Stephen Curry Thanks for the videos, and clarification. This stuff is so incredibly fascinating! These videos have spurred me to look up all kinds of documentaries on crystallography in the last week or so.
I always used to wonder, back in the days that space-flight meant STS & Salyut.... why they were constantly trying to grow protein crystals.... "what are these crystals FOR???" I often asked... Space journalists didn't help much... probably because they didn't actually know.... Got the answer in the end, but it's taken me a long long long time to get here.
I'm very interested in the subject matter, but the musical soundtrack was so distracting I could hardly stand to keep the video running. I kept looking around my desk saying "WHAT'S THAT CLACKING SOUND??"
It just makes me so curios that if this amount of awesomeness is happening at the molecular level, what is happening at the macro level that we just cannot see yet?
The background music is absolutely unbearable for anyone who has any sensitivity to sound. I couldn't watch the whole video, had to stop halfway, which is a pity since this documentary is fascinating.

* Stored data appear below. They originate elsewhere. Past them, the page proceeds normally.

(* Let $Y$ be a continuous random variable supported on $[0,\infty)$ whose density $f$ satisfies $f(t)\le Ce^{-\lambda t}$ for all $t\ge0$, for some $C,\lambda>0$. There are constants $\epsilon,\gamma,I>0$, depending only on $C,\lambda$, such that $\mathbb{E}[e^{-sY}]\ne 1$ for every complex $s\ne 0$ with $\Re s\ge -\gamma$, and furthermore $|\mathbb{E}[e^{-sY}]-1| \ge \epsilon\min(|s|,1)$ for every complex $s$ with $|\Re s|\le\gamma$. *)

theory Defs
  imports "HOL-Probability.Probability"
begin

end

theory Submission
  imports Defs
begin

text \<open>
  Write \<open>\<phi>(s) = E exp (-s Y)\<close>. Near \<open>s = 0\<close> a second-order expansion gives
  \<open>\<phi>(s) - 1 = -s E Y + O(|s|\<^sup>2)\<close>, and \<open>E Y \<ge> 1/(4C)\<close> because the density is at most \<open>C\<close>.
  Away from \<open>0\<close> but in a thin strip around the imaginary axis, \<open>Re (1 - \<phi>(s))\<close> equals
  \<open>E (1 - cos (\<omega>Y))\<close> up to an error \<open>O(|Re s|)\<close>, where \<open>\<omega> = |Im s|\<close> is bounded below.
  Now \<open>1 - cos (\<omega>Y)\<close> is large unless \<open>\<omega>Y\<close> lies within \<open>\<beta>\<close> of \<open>2\<pi>\<int>\<close>; since the weight
  \<open>exp (-\<lambda>t)\<close> only shrinks by a factor from one period to the next, the exponentially weighted
  measure of this periodic set is controlled by its Lebesgue measure over one period, so for
  small \<open>\<beta>\<close> it has probability at most \<open>1/2\<close>. For \<open>Re s > 0\<close> simply
  \<open>|\<phi>(s)| \<le> E exp (-Re s Y) < 1\<close>. All constants depend only on \<open>C\<close> and \<open>\<lambda>\<close>.
\<close>

lemma nn_integral_exp_neg_Ici:
  fixes c :: real
  assumes "c > 0"
  shows "(\<integral>\<^sup>+t. ennreal (exp (- c * t)) * indicator {0..} t \<partial>lborel) = ennreal (1 / c)"
proof -
  have "(\<integral>\<^sup>+t. ennreal (exp (- c * t)) * indicator {0..} t \<partial>lborel)
      = ennreal (1 / c) * (\<integral>\<^sup>+x. ennreal (exp (- c * (0 + (1 / c) * x))) * indicator {0..} (0 + (1 / c) * x) \<partial>lborel)"
    using assms by (subst nn_integral_real_affine[where c = "1 / c" and t = 0]) auto
  also have "(\<lambda>x. ennreal (exp (- c * (0 + (1 / c) * x))) * indicator {0..} (0 + (1 / c) * x) :: ennreal)
      = (\<lambda>x. ennreal (x ^ 0 * exp (- x)) * indicator {0..} x)"
    using assms by (auto simp: fun_eq_iff zero_le_divide_iff split: split_indicator)
  finally show ?thesis
    using nn_intergal_power_times_exp_Ici[of 0] by simp
qed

Are those Xray diffraction plates filled with dark dots 3D? I've seen it always in books Illustrator a but I can't imagine how to use that to translate it to atomic arrangements
I understand how you would get the skelet of the protein from that diffraction pattern but I still don't get it how the computer can tell you what kind of atom is where, guess I would need a deeper explanation as a chemist.
The computer doesn't tell you this. In most cases we know it in advance because the amino acid sequence is known and chemists long ago worked out the atomic structure (and chemical composition) of those. The tricky ones to figure out are where you have metal ions bound to your protein; in these cases one can sometimes use X-ray fluorescence to identify the chemical species.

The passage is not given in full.